Maybe that is the lesson I have been trying to learn all along. Healing is not talking until you feel better. Healing is learning to sit quietly beside a feeling until it no longer asks to be fixed. Healing is realizing that not every emotion needs a solution. Healing is trusting yourself enough to carry your own heart.

For years, I searched for the right person, the right method, the right answer, and the right way to understand my sadness. I kept looking outside myself, convinced that healing would arrive from somewhere beyond me. But I have come to realize that I was that person all along. Everything I was searching for already existed within me. Because my sadness was never asking to be understood by somebody else. It was asking to be felt by me.

And perhaps that is the most freeing realization of all.

Responses

  1. Col Avatar

    With these words, you have encapsulated what many have spent years, decades, even their whole lives, struggle to find and achieve. I can relate so deeply with each phrase that you wrote, the force, the struggle, the resistance, the witnessing of each feeling as they pass.

    For most of my life, I resisted the sadness within me. Fiercely. I sought refuge in alcohol, and bad habits that could be considered addictions. And with every action, there is an equal and opposite reaction. Whenever I was awake, sober and alone with my feelings, they would hit me back just as hard as I had resisted, sometimes even more. They manifested as unbridled rage, and searing resentment, directed both at myself and those around me. Directing them inwards lead to self-hatred, directing them outwards lead to lashing out at those around me. I struggled hard to push those feelings away, and the harder I push, the harder they pushed back. The more I wrestled with them, the longer they stayed.

    I was fortunate to attend a Vipassana meditation course where I acquired the tool of “observation”. If you observe a feeling long enough, it will pass. An itchy nose doesn’t need scratching, observe the itch and it will pass. The ache on my bum, on my ache, the drop of sweat on my forehead, the hunger in my belly, not every feeling needs a reaction. Observe, and it will pass. It sowed a seed in me that would take me over a decade later to understand and even then I was only scratching the surface.In real life application, I mistook “observe” for “ignore”. I did not observe my feelings, I ignored them. And for years, I thought that was the same thing. I thought I was fine, until I was not. But that’s a different part of the journey.

    Through your words, I could retrace the steps of my journey, the push back, the struggle, the exhaustion from the endless fights with my emotions, and the letting go.

    I am still on my journey but your words expressed what I never could.

    Thank you so much for sharing.

    Liked by 2 people

    1. Anh Nguyen Avatar

      Thank you so much for taking the time to write this.

      What struck me most was your distinction between observing and ignoring. I think that’s a lesson many of us spend years learning. From the outside, both can look like silence, but internally they are completely different experiences. One is presence; the other is avoidance.

      Your description of resisting sadness and having it push back harder resonates deeply with me. It seems that so much of our suffering comes not only from the emotion itself, but from the exhausting battle we wage against it. The more we wrestle with certain feelings, the more tightly we become entangled with them.

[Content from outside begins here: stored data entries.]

(* Let $f(x_1,\dots,x_M)=\sum_{\mathbf i\in\mathscr S}p_{\mathbf i}f_{i_1}(x_1)\cdots f_{i_M}(x_M)$ be an $\mathrm{MMEam}$ density and fix $\mathbf z=(z_1,\dots,z_M)\in[0,\infty)^M$ with $\overline F(z_1,\dots,z_M)=\int_{z_1}^\infty\cdots\int_{z_M}^\infty f(y_1,\dots,y_M)\,dy_1\cdots dy_M>0$. Then the residual lifetime density $f^{\mathrm{RL}}_{\mathbf z}(x_1,\dots,x_M)=f(x_1+z_1,\dots,x_M+z_M)/\overline F(z_1,\dots,z_M)$, $x_k\ge0$, belongs to $\mathrm{MMEam}$ and $$f^{\mathrm{RL}}_{\mathbf z}(x_1,\dots,x_M)=\sum_{\mathbf i\in\mathscr S}p^{\mathrm{RL}}_{\mathbf z,\mathbf i}f^{\mathrm{RL}}_{z_1,i_1}(x_1)\cdots f^{\mathrm{RL}}_{z_M,i_M}(x_M),$$ where for $z\ge0$ and $1\le j\le L$, $$f^{\mathrm{RL}}_{z,j}(x)=\alpha^{\mathrm{RL}}_{z,j}e^{T_jx}t_j,\qquad \alpha^{\mathrm{RL}}_{z,j}=\frac{1}{\alpha_je^{T_jz}l_j}\,\alpha_je^{T_jz},$$ and $$p^{\mathrm{RL}}_{\mathbf z,\mathbf i}=\frac{p_{\mathbf i}\,(\alpha_{i_1}e^{T_{i_1}z_1}l_{i_1})\cdots(\alpha_{i_M}e^{T_{i_M}z_M}l_{i_M})}{\sum_{\mathbf h\in\mathscr S}p_{\mathbf h}\,(\alpha_{h_1}e^{T_{h_1}z_1}l_{h_1})\cdots(\alpha_{h_M}e^{T_{h_M}z_M}l_{h_M})},$$ with $l_j=(-T_j)^{-1}t_j$.
   Context: An ME density is a probability density on $[0,\infty)$ of the form $g(x)=\alpha e^{Tx}t$ ($\alpha$ real row vector, $T$ real square matrix, $t$ real column vector); triples are taken with all eigenvalues of $T$ having strictly negative real part, so $T$ is invertible and with $l=(-T)^{-1}t$ the survival function is $\alpha e^{Tx}l$. MMEam: fix $L,M\in\mathbb N_+$ and ME densities $f_1,\dots,f_L$ with triples $(\alpha_j,T_j,t_j)$. Let $\mathscr S=\{1,\dots,L\}^M$, $\mathbf i=(i_1,\dots,i_M)$, and real numbers $p_{\mathbf i}$ (possibly negative) with $\sum p_{\mathbf i}=1$. Then $f(x_1,\dots,x_M)=\sum_{\mathbf i}p_{\mathbf i}f_{i_1}(x_1)\cdots f_{i_M}(x_M)$ on $[0,\infty)^M$ is an MMEam density if $f\ge0$; $\mathrm{MMEam}$ is the class of such densities. *)

theory Defs
  imports "HOL-Analysis.Analysis" "Jordan_Normal_Form.Char_Poly" "Jordan_Normal_Form.Gauss_Jordan_Elimination"
begin

definition mat_exp :: "real mat \<Rightarrow> real mat" where
  "mat_exp A = mat (dim_row A) (dim_col A)
     (\<lambda>(i,j). \<Sum>k. ((1 / fact k) \<cdot>\<^sub>m (A ^\<^sub>m k)) $$ (i,j))"

definition vec_mat :: "real vec \<Rightarrow> real mat \<Rightarrow> real vec" where
  "vec_mat v A = vec (dim_col A) (\<lambda>j. scalar_prod v (col A j))"

definition ME_triple :: "nat \<Rightarrow> real vec \<Rightarrow> real mat \<Rightarrow> real vec \<Rightarrow> bool" where
  "ME_triple n \<alpha> T t \<longleftrightarrow> \<alpha> \<in> carrier_vec n \<and> T \<in> carrier_mat n n \<and> t \<in> carrier_vec n \<and>
     (\<forall>c. eigenvalue (map_mat complex_of_real T) c \<longrightarrow> Re c < 0)"

definition ME_fun :: "real vec \<Rightarrow> real mat \<Rightarrow> real vec \<Rightarrow> real \<Rightarrow> real" where
  "ME_fun \<alpha> T t x = scalar_prod \<alpha> (mat_exp (x \<cdot>\<^sub>m T) *\<^sub>v t)"

definition ME_l :: "real mat \<Rightarrow> real vec \<Rightarrow> real vec" where
  "ME_l T t = the (mat_inverse (- T)) *\<^sub>v t"

definition ME_density_triple :: "nat \<Rightarrow> real vec \<Rightarrow> real mat \<Rightarrow> real vec \<Rightarrow> bool" where
  "ME_density_triple n \<alpha> T t \<longleftrightarrow> ME_triple n \<alpha> T t \<and>
     (\<forall>x\<ge>0. ME_fun \<alpha> T t x \<ge> 0) \<and> (ME_fun \<alpha> T t has_integral 1) {0..}"

definition ME_density :: "(real \<Rightarrow> real) \<Rightarrow> bool" where
  "ME_density g \<longleftrightarrow> (\<exists>n \<alpha> T t. ME_density_triple n \<alpha> T t \<and> (\<forall>x\<ge>0. g x = ME_fun \<alpha> T t x))"

text \<open>Index set S = {1..L}^M, multi-indices as functions on {0..<M}.\<close>
definition idx_set :: "nat \<Rightarrow> nat \<Rightarrow> (nat \<Rightarrow> nat) set" where
  "idx_set L M = PiE {..<M} (\<lambda>_. {1..L})"

text \<open>Points of [0,\<infinity>)^M, represented as nat \<Rightarrow> real on the coordinates 0..<M.\<close>
definition nonneg_pt :: "nat \<Rightarrow> (nat \<Rightarrow> real) \<Rightarrow> bool" where
  "nonneg_pt M x \<longleftrightarrow> (\<forall>k<M. 0 \<le> x k)"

      I also really appreciated you sharing your experience with Vipassana. The idea that not every sensation needs a reaction is simple, yet incredibly profound. It’s something I continue to learn over and over again myself.

      And thank you for trusting me with part of your story. Knowing that the essay allowed you to retrace your own journey means more to me than I can express. The fact that you’re still on that journey doesn’t diminish anything you’ve learned along the way. If anything, I think we’re all still learning.

      Wishing you peace, curiosity, and gentleness with yourself as the journey continues.

      Thank you again for reading and for sharing your experience here.